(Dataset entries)
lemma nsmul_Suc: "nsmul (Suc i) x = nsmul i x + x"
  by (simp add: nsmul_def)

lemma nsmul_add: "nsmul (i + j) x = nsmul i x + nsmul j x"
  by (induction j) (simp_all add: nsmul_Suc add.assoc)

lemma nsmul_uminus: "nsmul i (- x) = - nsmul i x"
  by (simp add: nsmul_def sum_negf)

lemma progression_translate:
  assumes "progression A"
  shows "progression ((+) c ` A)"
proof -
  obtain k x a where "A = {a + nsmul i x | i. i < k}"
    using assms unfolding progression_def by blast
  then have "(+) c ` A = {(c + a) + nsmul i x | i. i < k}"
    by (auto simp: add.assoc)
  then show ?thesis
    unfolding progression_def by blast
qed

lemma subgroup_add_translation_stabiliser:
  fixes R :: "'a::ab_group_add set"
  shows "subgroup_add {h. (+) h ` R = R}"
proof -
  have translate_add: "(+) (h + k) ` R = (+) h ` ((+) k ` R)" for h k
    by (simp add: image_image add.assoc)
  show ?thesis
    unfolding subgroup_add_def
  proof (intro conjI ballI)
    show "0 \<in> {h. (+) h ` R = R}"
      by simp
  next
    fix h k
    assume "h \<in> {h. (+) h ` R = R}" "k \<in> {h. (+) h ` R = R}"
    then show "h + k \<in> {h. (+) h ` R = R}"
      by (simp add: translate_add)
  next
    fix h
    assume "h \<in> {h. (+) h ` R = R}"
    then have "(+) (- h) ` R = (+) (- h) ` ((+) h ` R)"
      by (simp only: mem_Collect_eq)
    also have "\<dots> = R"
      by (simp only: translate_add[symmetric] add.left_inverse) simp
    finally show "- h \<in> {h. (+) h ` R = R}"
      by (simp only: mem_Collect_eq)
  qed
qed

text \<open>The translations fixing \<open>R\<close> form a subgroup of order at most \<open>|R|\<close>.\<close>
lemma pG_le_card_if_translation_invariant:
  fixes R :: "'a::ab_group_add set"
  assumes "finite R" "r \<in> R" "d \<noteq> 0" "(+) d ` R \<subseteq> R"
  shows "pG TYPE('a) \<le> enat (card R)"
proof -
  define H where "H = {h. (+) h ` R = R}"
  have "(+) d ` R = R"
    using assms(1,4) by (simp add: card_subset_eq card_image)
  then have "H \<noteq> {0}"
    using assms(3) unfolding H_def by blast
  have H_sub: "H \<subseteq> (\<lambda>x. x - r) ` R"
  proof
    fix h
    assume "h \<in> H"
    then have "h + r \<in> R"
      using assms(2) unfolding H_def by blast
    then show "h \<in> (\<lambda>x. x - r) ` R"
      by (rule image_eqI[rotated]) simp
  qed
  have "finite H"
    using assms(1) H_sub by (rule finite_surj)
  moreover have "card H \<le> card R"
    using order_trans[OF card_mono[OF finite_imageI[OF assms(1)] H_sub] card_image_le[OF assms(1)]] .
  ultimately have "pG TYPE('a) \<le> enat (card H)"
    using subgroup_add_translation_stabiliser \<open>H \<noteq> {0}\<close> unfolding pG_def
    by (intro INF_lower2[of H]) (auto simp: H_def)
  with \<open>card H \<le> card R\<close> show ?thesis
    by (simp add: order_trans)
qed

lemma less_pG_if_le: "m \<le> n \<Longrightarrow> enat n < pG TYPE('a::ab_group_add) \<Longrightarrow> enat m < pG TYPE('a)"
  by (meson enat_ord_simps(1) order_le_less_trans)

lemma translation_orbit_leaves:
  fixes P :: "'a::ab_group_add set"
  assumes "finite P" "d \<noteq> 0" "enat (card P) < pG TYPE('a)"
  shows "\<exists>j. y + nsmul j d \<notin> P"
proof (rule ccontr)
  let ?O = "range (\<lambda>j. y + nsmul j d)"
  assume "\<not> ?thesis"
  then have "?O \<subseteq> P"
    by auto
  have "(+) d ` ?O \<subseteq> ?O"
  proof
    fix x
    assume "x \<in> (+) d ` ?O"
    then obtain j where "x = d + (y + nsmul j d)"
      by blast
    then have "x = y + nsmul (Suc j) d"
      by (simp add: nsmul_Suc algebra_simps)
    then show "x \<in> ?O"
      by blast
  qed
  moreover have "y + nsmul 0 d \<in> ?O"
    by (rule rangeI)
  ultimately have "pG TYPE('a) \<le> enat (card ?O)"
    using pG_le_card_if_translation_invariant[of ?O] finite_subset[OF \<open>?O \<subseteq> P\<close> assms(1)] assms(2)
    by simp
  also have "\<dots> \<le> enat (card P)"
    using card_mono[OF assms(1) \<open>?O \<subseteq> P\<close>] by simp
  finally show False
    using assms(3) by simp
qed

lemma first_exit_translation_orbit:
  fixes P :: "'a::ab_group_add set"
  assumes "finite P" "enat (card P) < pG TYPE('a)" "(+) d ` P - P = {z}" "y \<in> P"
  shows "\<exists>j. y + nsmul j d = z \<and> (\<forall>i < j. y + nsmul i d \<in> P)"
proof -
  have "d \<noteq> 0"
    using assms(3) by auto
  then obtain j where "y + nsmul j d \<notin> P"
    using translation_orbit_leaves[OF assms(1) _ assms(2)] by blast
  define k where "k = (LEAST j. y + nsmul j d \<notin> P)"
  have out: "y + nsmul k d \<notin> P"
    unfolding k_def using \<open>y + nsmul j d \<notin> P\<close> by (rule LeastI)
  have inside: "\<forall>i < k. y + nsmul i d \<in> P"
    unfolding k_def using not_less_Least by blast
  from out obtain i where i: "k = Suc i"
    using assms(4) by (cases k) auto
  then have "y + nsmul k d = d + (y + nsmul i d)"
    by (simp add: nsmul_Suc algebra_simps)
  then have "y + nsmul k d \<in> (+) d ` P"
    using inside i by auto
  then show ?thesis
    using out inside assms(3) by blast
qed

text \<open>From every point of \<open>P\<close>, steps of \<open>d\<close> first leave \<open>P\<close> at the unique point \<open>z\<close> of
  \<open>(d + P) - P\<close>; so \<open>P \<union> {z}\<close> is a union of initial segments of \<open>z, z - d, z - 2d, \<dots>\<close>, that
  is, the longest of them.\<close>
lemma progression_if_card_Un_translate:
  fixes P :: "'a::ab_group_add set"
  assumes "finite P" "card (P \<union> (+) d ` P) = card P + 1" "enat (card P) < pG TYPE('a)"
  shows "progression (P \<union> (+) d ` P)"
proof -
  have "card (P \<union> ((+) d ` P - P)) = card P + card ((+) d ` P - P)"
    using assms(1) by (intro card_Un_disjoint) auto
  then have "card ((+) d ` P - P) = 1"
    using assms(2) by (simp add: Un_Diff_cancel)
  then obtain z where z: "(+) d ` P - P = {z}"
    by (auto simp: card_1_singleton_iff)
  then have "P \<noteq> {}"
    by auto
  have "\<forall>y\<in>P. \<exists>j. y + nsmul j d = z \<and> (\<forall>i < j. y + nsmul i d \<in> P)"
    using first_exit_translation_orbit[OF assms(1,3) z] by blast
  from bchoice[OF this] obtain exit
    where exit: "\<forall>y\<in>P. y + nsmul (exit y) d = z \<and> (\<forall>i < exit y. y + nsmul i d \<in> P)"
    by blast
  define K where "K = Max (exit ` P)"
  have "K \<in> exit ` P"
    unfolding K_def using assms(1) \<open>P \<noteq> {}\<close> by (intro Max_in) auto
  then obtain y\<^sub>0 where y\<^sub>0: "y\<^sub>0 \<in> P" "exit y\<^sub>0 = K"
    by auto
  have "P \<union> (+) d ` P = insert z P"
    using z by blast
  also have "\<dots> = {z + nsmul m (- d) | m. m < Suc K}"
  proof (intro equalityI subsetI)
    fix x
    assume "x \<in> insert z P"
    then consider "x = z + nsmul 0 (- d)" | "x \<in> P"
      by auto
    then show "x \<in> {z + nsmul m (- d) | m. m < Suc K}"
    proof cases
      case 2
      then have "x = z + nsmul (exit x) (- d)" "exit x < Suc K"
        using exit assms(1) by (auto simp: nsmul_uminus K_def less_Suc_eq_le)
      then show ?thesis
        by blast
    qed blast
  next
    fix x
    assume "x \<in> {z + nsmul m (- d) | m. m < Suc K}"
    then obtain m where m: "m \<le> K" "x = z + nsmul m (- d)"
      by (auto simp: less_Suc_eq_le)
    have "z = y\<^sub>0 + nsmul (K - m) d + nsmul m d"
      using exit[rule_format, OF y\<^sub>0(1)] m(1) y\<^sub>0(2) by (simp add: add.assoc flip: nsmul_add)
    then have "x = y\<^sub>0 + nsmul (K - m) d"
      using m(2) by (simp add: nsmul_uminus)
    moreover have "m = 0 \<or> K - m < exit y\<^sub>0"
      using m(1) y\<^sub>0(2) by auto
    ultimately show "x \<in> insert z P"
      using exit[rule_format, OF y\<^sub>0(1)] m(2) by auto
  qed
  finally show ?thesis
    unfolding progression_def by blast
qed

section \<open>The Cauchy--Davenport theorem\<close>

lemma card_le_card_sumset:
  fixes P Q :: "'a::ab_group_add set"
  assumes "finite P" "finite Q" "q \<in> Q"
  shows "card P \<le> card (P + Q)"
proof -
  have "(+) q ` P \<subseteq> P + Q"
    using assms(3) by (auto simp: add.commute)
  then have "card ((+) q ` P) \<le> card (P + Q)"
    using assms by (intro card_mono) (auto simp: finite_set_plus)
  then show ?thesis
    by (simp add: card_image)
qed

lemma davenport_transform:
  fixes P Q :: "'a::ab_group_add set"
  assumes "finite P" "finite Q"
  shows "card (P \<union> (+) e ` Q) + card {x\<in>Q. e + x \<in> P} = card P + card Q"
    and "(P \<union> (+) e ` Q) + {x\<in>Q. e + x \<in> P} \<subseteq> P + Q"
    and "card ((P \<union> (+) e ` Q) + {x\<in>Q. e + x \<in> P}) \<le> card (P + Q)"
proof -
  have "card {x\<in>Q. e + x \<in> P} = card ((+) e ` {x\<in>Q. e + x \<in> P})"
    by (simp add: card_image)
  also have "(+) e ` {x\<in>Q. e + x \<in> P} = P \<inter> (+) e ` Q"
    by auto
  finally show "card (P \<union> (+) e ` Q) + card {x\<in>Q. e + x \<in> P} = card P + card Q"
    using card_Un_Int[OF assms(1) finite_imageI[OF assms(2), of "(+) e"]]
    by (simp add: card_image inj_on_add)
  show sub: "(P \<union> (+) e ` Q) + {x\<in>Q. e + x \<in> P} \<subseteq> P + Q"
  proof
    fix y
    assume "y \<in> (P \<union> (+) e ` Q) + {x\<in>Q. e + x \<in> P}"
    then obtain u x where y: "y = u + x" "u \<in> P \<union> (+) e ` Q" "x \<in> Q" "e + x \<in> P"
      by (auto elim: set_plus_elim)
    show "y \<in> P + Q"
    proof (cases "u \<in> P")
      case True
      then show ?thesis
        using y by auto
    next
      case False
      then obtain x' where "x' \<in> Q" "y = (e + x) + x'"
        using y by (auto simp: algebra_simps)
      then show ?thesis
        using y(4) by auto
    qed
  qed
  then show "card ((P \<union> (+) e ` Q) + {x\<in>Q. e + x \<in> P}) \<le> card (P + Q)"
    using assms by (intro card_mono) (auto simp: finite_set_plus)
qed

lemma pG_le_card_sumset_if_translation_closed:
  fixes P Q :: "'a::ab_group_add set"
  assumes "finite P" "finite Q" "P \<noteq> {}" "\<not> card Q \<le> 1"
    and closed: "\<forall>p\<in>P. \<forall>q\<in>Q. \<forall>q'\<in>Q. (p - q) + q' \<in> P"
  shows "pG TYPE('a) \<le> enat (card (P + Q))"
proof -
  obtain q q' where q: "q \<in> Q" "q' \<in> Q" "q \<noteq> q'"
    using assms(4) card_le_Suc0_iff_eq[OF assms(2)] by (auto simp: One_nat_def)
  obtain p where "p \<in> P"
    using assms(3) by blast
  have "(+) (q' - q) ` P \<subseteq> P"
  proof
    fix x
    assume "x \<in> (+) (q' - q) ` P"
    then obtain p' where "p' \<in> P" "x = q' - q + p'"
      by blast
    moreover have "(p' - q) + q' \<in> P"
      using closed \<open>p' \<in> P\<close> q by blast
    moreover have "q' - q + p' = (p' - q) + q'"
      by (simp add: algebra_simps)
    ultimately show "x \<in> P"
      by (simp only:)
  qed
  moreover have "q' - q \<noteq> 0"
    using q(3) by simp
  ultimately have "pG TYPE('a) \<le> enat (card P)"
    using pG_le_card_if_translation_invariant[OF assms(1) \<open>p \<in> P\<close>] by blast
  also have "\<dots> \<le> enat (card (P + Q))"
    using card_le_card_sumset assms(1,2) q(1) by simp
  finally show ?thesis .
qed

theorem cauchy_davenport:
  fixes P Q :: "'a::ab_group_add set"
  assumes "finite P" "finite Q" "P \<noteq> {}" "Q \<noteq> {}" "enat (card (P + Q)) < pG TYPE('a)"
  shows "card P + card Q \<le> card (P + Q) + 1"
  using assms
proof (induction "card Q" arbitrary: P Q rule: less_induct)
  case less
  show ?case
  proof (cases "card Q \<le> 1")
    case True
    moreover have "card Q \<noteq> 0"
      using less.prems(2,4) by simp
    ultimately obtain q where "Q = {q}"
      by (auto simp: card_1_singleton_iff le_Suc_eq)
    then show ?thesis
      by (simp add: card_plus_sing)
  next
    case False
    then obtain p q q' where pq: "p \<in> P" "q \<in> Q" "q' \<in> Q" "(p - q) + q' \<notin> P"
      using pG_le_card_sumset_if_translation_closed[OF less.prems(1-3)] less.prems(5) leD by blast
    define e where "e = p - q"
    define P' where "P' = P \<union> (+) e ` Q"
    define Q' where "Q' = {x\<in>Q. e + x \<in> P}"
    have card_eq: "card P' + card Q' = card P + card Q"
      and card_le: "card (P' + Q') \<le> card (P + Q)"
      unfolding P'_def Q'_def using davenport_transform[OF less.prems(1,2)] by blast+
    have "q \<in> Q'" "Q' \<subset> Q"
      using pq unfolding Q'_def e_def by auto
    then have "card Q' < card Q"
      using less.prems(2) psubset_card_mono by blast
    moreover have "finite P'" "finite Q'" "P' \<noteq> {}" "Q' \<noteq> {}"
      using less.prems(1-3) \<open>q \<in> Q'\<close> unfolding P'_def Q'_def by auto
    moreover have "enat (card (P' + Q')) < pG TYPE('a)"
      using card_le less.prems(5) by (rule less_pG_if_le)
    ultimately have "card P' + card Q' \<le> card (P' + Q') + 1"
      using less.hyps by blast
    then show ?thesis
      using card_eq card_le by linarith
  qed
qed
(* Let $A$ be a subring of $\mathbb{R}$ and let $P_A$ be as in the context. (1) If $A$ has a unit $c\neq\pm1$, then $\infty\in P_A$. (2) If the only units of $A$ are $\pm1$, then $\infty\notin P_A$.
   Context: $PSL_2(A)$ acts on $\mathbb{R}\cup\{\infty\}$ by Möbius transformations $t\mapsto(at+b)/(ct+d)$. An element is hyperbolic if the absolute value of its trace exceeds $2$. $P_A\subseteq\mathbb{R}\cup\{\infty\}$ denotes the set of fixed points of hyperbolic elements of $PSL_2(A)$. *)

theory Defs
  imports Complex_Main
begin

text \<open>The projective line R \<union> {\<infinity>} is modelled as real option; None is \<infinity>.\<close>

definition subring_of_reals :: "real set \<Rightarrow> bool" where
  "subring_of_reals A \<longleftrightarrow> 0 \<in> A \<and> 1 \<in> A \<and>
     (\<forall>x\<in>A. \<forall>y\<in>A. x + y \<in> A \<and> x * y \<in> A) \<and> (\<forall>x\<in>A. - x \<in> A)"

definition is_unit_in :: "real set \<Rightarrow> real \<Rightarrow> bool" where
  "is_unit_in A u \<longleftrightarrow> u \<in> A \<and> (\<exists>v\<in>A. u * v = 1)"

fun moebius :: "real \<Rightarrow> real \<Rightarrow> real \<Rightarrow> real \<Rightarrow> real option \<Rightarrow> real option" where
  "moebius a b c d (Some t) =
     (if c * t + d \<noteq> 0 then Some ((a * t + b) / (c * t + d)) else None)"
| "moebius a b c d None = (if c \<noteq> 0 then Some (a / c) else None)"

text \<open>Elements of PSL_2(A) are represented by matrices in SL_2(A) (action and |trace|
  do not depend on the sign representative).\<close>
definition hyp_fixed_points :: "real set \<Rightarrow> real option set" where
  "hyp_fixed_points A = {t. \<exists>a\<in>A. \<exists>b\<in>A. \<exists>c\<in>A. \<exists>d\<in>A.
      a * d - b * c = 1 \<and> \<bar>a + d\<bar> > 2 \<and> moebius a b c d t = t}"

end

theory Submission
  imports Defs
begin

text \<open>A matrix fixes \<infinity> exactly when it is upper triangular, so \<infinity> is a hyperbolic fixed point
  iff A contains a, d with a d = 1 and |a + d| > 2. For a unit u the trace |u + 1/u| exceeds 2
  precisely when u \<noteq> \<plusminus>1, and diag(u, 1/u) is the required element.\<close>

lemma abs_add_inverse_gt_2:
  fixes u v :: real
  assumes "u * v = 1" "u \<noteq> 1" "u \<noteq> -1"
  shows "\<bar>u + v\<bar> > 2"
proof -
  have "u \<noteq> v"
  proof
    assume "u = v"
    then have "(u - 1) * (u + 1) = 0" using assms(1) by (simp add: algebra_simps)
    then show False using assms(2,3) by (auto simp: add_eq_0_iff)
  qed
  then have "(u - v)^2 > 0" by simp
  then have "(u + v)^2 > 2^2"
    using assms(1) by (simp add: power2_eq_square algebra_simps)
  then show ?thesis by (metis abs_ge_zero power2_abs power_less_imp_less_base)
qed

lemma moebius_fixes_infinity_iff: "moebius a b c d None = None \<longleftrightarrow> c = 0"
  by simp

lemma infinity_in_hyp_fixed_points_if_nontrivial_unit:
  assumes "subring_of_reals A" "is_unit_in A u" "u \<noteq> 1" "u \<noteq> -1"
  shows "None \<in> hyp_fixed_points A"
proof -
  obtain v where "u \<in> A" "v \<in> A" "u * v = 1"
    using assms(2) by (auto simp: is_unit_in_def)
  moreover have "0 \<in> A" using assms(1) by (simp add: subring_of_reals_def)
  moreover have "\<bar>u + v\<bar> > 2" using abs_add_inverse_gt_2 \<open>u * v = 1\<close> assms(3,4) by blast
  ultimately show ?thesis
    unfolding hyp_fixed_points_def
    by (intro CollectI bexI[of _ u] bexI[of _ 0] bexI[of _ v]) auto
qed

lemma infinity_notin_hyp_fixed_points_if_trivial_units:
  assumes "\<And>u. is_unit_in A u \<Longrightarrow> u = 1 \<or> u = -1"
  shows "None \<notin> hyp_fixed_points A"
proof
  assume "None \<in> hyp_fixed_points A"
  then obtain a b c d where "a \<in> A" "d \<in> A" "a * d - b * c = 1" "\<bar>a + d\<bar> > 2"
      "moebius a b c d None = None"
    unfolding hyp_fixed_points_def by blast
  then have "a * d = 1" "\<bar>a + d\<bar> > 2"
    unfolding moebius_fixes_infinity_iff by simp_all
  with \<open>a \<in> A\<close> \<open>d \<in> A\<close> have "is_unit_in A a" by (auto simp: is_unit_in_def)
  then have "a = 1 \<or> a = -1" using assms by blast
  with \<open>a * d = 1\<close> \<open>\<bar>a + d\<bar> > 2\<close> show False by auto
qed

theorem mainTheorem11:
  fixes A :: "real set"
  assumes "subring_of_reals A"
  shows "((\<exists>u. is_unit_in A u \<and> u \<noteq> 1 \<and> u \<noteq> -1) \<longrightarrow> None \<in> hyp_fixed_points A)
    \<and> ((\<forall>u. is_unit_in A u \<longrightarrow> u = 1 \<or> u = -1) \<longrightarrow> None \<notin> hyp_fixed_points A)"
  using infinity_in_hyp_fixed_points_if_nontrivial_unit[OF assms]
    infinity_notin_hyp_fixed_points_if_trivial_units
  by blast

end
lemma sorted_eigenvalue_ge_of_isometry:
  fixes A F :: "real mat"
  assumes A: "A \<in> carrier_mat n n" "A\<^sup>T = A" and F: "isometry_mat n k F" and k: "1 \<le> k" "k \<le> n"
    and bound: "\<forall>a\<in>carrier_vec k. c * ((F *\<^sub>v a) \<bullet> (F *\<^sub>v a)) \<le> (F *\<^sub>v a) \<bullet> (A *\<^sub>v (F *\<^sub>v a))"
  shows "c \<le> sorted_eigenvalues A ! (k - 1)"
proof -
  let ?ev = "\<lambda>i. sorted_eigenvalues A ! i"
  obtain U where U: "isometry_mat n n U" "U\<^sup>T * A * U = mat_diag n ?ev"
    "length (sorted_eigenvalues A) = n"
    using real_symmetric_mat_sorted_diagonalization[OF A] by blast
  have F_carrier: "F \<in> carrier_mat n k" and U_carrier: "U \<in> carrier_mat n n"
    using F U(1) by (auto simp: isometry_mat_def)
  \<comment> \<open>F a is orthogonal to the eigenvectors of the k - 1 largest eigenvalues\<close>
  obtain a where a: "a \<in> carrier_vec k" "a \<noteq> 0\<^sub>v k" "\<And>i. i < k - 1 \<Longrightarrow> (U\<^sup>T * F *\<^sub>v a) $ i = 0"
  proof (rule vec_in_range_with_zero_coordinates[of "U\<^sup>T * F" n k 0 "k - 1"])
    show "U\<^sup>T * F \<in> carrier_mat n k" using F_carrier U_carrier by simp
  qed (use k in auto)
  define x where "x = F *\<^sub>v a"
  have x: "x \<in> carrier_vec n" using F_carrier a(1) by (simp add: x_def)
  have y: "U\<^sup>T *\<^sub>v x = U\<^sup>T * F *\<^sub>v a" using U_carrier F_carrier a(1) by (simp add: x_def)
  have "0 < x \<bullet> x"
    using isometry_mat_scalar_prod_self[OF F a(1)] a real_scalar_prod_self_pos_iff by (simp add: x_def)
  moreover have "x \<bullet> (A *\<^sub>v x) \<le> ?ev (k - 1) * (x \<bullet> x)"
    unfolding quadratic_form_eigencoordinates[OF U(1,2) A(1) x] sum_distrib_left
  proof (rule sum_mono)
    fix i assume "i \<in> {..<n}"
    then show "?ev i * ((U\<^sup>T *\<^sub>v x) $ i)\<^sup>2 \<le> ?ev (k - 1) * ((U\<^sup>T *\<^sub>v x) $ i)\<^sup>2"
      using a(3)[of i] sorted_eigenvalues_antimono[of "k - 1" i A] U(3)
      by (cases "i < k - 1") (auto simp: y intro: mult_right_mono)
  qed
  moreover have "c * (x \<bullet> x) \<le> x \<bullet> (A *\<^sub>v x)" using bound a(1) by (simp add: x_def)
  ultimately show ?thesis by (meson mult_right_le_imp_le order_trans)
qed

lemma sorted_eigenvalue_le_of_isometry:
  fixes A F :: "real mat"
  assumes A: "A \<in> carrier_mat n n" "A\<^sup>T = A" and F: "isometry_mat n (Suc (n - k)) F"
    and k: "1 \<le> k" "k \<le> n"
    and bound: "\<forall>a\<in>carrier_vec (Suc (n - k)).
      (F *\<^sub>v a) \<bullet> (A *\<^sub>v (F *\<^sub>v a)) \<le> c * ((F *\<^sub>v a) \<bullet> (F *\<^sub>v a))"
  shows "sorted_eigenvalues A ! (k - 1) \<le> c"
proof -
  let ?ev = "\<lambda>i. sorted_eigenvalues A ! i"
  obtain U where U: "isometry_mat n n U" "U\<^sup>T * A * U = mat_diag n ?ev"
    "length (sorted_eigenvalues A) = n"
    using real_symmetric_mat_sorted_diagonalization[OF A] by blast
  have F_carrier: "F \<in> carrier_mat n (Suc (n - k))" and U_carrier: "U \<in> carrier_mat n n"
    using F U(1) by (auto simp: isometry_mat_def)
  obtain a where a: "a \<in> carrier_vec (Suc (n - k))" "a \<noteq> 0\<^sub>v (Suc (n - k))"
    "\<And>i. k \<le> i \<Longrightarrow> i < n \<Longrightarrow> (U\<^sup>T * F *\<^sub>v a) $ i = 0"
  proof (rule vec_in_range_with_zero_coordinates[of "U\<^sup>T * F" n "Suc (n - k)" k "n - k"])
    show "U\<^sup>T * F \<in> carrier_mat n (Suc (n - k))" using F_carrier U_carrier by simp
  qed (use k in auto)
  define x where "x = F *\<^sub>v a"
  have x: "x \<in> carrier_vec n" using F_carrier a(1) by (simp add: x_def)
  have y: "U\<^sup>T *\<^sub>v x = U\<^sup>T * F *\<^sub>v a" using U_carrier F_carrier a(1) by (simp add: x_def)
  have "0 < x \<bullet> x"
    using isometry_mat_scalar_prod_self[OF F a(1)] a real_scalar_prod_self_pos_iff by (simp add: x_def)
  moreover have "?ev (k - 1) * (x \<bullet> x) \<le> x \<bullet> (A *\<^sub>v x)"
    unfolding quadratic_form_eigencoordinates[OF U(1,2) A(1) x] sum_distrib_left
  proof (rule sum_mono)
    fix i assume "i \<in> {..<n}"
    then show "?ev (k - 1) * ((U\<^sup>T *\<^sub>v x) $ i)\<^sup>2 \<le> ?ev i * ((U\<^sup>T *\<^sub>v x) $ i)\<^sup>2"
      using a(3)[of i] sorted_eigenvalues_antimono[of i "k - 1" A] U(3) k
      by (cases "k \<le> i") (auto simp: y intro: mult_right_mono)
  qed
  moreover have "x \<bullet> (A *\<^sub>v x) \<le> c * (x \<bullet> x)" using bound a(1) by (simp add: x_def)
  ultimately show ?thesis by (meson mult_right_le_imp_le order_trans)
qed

How to complete this task | Above are the entries. Output exactly the lines beginning with the line that has "imports Defs" and ending with the line that has "iff A contains".

Answer space |
  imports Defs
begin

text \<open>A matrix fixes \<infinity> exactly when it is upper triangular, so \<infinity> is a hyperbolic fixed point
  iff A contains a, d with a d = 1 and |a + d| > 2. For a unit u the trace |u + 1/u| exceeds 2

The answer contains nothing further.